- **Records for the task**
lemma exists_exponent_minus_u: "\<exists>e c. 0 < e \<and> e < M \<and> int e + u = int M * c"
proof -
  have M: "(2::int) ^ m - 1 = int M" by (simp add: of_nat_diff)
  have Mpos: "0 < int M" using M_ge_7 by linarith
  define a where "a = (- u) mod int M"
  have a: "0 \<le> a" "a < int M"
    unfolding a_def by (rule pos_mod_sign[OF Mpos], rule pos_mod_bound[OF Mpos])
  have "a \<noteq> 0"
  proof
    assume "a = 0"
    then have "int M dvd u" unfolding a_def by (simp add: dvd_eq_mod_eq_0[symmetric])
    then have "int M = 1" using u_coprime unfolding M by (simp add: gcd.commute gcd_proj1_iff)
    then have "M = 1" by (simp only: of_nat_eq_1_iff)
    then show False using M_ge_7 by simp
  qed
  moreover have "a + u = int M * (- ((- u) div int M))"
    unfolding a_def by (simp add: minus_div_mult_eq_mod[symmetric] algebra_simps)
  ultimately show ?thesis
  proof (intro exI[of _ "nat a"] exI[of _ "- ((- u) div int M)"] conjI)
    show "0 < nat a" "nat a < M" using a \<open>a \<noteq> 0\<close> nat_less_iff[OF a(1)] by auto
  qed (use a(1) in simp)
qed

text \<open>If the degree were below \<open>r * m\<close>, the ANF would write the indicator of the support as
  a sum of products of fewer than \<open>r * m\<close> coordinates, and pairing with \<open>x * y ^ e\<close> would
  give \<open>0\<close> instead of the nonzero sum of \<open>Delta\<close>.\<close>
lemma anf_degree_ge_rm: "r * m \<le> anf_degree n ((\<lambda>p. p \<in> supp) \<circ> phi)"
proof (rule ccontr)
  define g where "g = (\<lambda>p. p \<in> supp) \<circ> phi"
  assume "\<not> r * m \<le> anf_degree n ((\<lambda>p. p \<in> supp) \<circ> phi)"
  then have small: "anf_degree n g < r * m" unfolding g_def by simp
  obtain a where "(\<forall>S. S \<subseteq> {..<n} \<and> a S \<longrightarrow> card S \<le> anf_degree n g) \<and>
      (\<forall>v\<in>bvecs n. g v = odd (card {S. S \<subseteq> {..<n} \<and> a S \<and> (\<forall>i\<in>S. v i)}))"
    using anf_degree_witness[of n g] by (rule exE)
  then have deg: "\<forall>S. S \<subseteq> {..<n} \<and> a S \<longrightarrow> card S \<le> anf_degree n g"
    and rep: "\<forall>v\<in>bvecs n. g v = odd (card {S. S \<subseteq> {..<n} \<and> a S \<and> (\<forall>i\<in>S. v i)})"
    by auto
  define A where "A = {S. S \<subseteq> {..<n} \<and> a S}"
  obtain c where c: "\<forall>i x. \<forall>y\<in>K. coord i (x, y) = (\<Sum>t<r * m. c i t * x ^ (2 ^ t)) + coord i (0, y)"
    using coord_linearized by blast
  obtain e k where e: "0 < e" "e < M" "int e + u = int M * k" using exists_exponent_minus_u by blast
  define F where "F S x y = x * y ^ e * (\<Prod>i\<in>S. (\<Sum>t<r * m. c i t * x ^ (2 ^ t)) + coord i (0, y))"
    for S x y
  have indicator: "of_bool ((x, y) \<in> supp)
      = (\<Sum>S\<in>A. \<Prod>i\<in>S. (\<Sum>t<r * m. c i t * x ^ (2 ^ t)) + coord i (0, y))" if "y \<in> K" for x y
  proof -
    define \<psi> where "\<psi> = inv_into (bvecs n) phi"
    have xy: "(x, y) \<in> D" using that by simp
    have \<psi>: "\<psi> (x, y) \<in> bvecs n" "phi (\<psi> (x, y)) = (x, y)"
      unfolding \<psi>_def using bij_betw_inv_into_right[OF bij_betw_phi xy] inv_into_into[of "(x, y)" phi]
        bij_betw_phi xy by (simp_all add: bij_betw_def)
    have "of_bool ((x, y) \<in> supp) = (of_bool (g (\<psi> (x, y))) :: 'a)" unfolding g_def using \<psi> by simp
    also have "\<dots> = (\<Sum>S\<in>A. \<Prod>i\<in>S. coord i (x, y))"
      unfolding A_def coord_def \<psi>_def[symmetric] by (rule anf_indicator_sum_prod[OF char_two rep \<psi>(1)])
    also have "\<dots> = (\<Sum>S\<in>A. \<Prod>i\<in>S. (\<Sum>t<r * m. c i t * x ^ (2 ^ t)) + coord i (0, y))"
      using c that by (intro sum.cong prod.cong refl) blast
    finally show ?thesis .
  qed
  have "(\<Sum>\<gamma>\<in>Delta. \<gamma>) = (\<Sum>x\<in>(UNIV::'a set). \<Sum>y\<in>K. x * y ^ e * of_bool ((x, y) \<in> supp))"
    by (rule sum_pairing_supp[OF e(3), symmetric])
  also have "\<dots> = (\<Sum>x\<in>(UNIV::'a set). \<Sum>y\<in>K. \<Sum>S\<in>A. F S x y)"
    unfolding F_def by (rule sum.cong[OF refl], rule sum.cong[OF refl]) (simp add: indicator sum_distrib_left)
  also have "\<dots> = (\<Sum>x\<in>(UNIV::'a set). \<Sum>S\<in>A. \<Sum>y\<in>K. F S x y)"
    by (rule sum.cong[OF refl], rule sum.swap)
  also have "\<dots> = (\<Sum>S\<in>A. \<Sum>x\<in>(UNIV::'a set). \<Sum>y\<in>K. F S x y)"
    by (rule sum.swap)
  also have "\<dots> = 0"
  proof (rule sum.neutral, intro ballI)
    fix S assume "S \<in> A"
    then have "finite S" "card S < r * m"
      using deg small finite_subset[of S "{..<n}"] unfolding A_def by auto
    then show "(\<Sum>x\<in>(UNIV::'a set). \<Sum>y\<in>K. F S x y) = 0"
      unfolding F_def using e(1,2) by (rule sum_prod_linear_forms)
  qed
  finally show False using sum_Delta_nonzero by contradiction
qed

end

theorem theorem1:
  fixes \<alpha> :: "'a::{field,finite}" and r m s :: nat and u :: int
  assumes card: "card (UNIV :: 'a set) = 2 ^ (r * m)"
    and r_odd: "odd r" and r_pos: "r \<ge> 1" and m_ge: "m \<ge> 3"
    and u_coprime: "gcd u (2 ^ m - 1) = 1"
    and primitive: "\<forall>z::'a. z \<noteq> 0 \<longrightarrow> (\<exists>k::nat. z = \<alpha> ^ k)"
    and s_le: "s \<le> 2 ^ (r * m) - 2"
  defines "K \<equiv> {y::'a. y ^ (2 ^ m) = y}"
    and "supp \<equiv> {(\<gamma> * y powi u, y) | \<gamma> y. y ^ (2 ^ m) = y \<and> y \<noteq> 0 \<and> (\<exists>i. s \<le> i \<and> i \<le> s + 2 ^ (r * m - 1) - 1 \<and> \<gamma> = \<alpha> ^ i)}"
    and "n \<equiv> (r + 1) * m"
  shows "(\<forall>x::'a. \<forall>y\<in>K.
            (if (x, y) \<in> supp then 1 else 0) =
              (\<Sum>i\<in>{i\<in>{1..2 ^ (r * m) - 2}. \<not> (2 ^ m - 1) dvd i}.
                 inverse (\<alpha> ^ (i * s)) * (1 + inverse (\<alpha> ^ i)) ^ (2 ^ (r * m - 1) - 1)
                 * x ^ i * y ^ (2 ^ m - 1 - nat ((u * int i) mod (2 ^ m - 1))))
            + (\<Sum>j\<in>{1..(2 ^ (r * m) - 1) div (2 ^ m - 1) - 1}.
                 inverse (\<alpha> ^ ((2 ^ m - 1) * j * s))
                 * (1 + inverse (\<alpha> ^ ((2 ^ m - 1) * j))) ^ (2 ^ (r * m - 1) - 1)
                 * x ^ ((2 ^ m - 1) * j) * y ^ (2 ^ m - 1)))
         \<and> n - m \<le> bool_alg_deg n (UNIV \<times> K) (\<lambda>p. p \<in> supp)
         \<and> bool_alg_deg n (UNIV \<times> K) (\<lambda>p. p \<in> supp) \<le> n - 2"
proof -
  interpret F: delta_support_coprime \<alpha> r m s u
    by unfold_locales (use card r_pos m_ge primitive u_coprime in auto)
  have K: "K = F.K" unfolding K_def F.K_def ..
  have supp: "supp = F.supp" unfolding supp_def F.supp_def ..
  have deg: "bool_alg_deg n (UNIV \<times> F.K) (\<lambda>p. p \<in> F.supp) = anf_degree n ((\<lambda>p. p \<in> F.supp) \<circ> F.phi)"
    unfolding bool_alg_deg_def F.phi_def n_def ..
  have "n - m = r * m" unfolding n_def by (simp add: algebra_simps)
  then show ?thesis
    unfolding K supp deg
    by (intro conjI allI ballI F.bivariate_representation)
      (use F.anf_degree_ge_rm F.anf_degree_le_n_minus_2 n_def in simp_all)
qed

end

- **Work instructions**
Write out only the lines that run from the line containing "by unfold_locales (use" through the line containing "then show ?thesis", both included, exactly as they appear above.

- **Result for this exercise**
    by unfold_locales (use card r_pos m_ge primitive u_coprime in auto)
  have K: "K = F.K" unfolding K_def F.K_def ..
  have supp: "supp = F.supp" unfolding supp_def F.supp_def ..
  have deg: "bool_alg_deg n (UNIV \<times> F.K) (\<lambda>p. p \<in> F.supp) = anf_degree n ((\<lambda>p. p \<in> F.supp) \<circ> F.phi)"
    unfolding bool_alg_deg_def F.phi_def n_def ..
  have "n - m = r * m" unfolding n_def by (simp add: algebra_simps)
  then show ?thesis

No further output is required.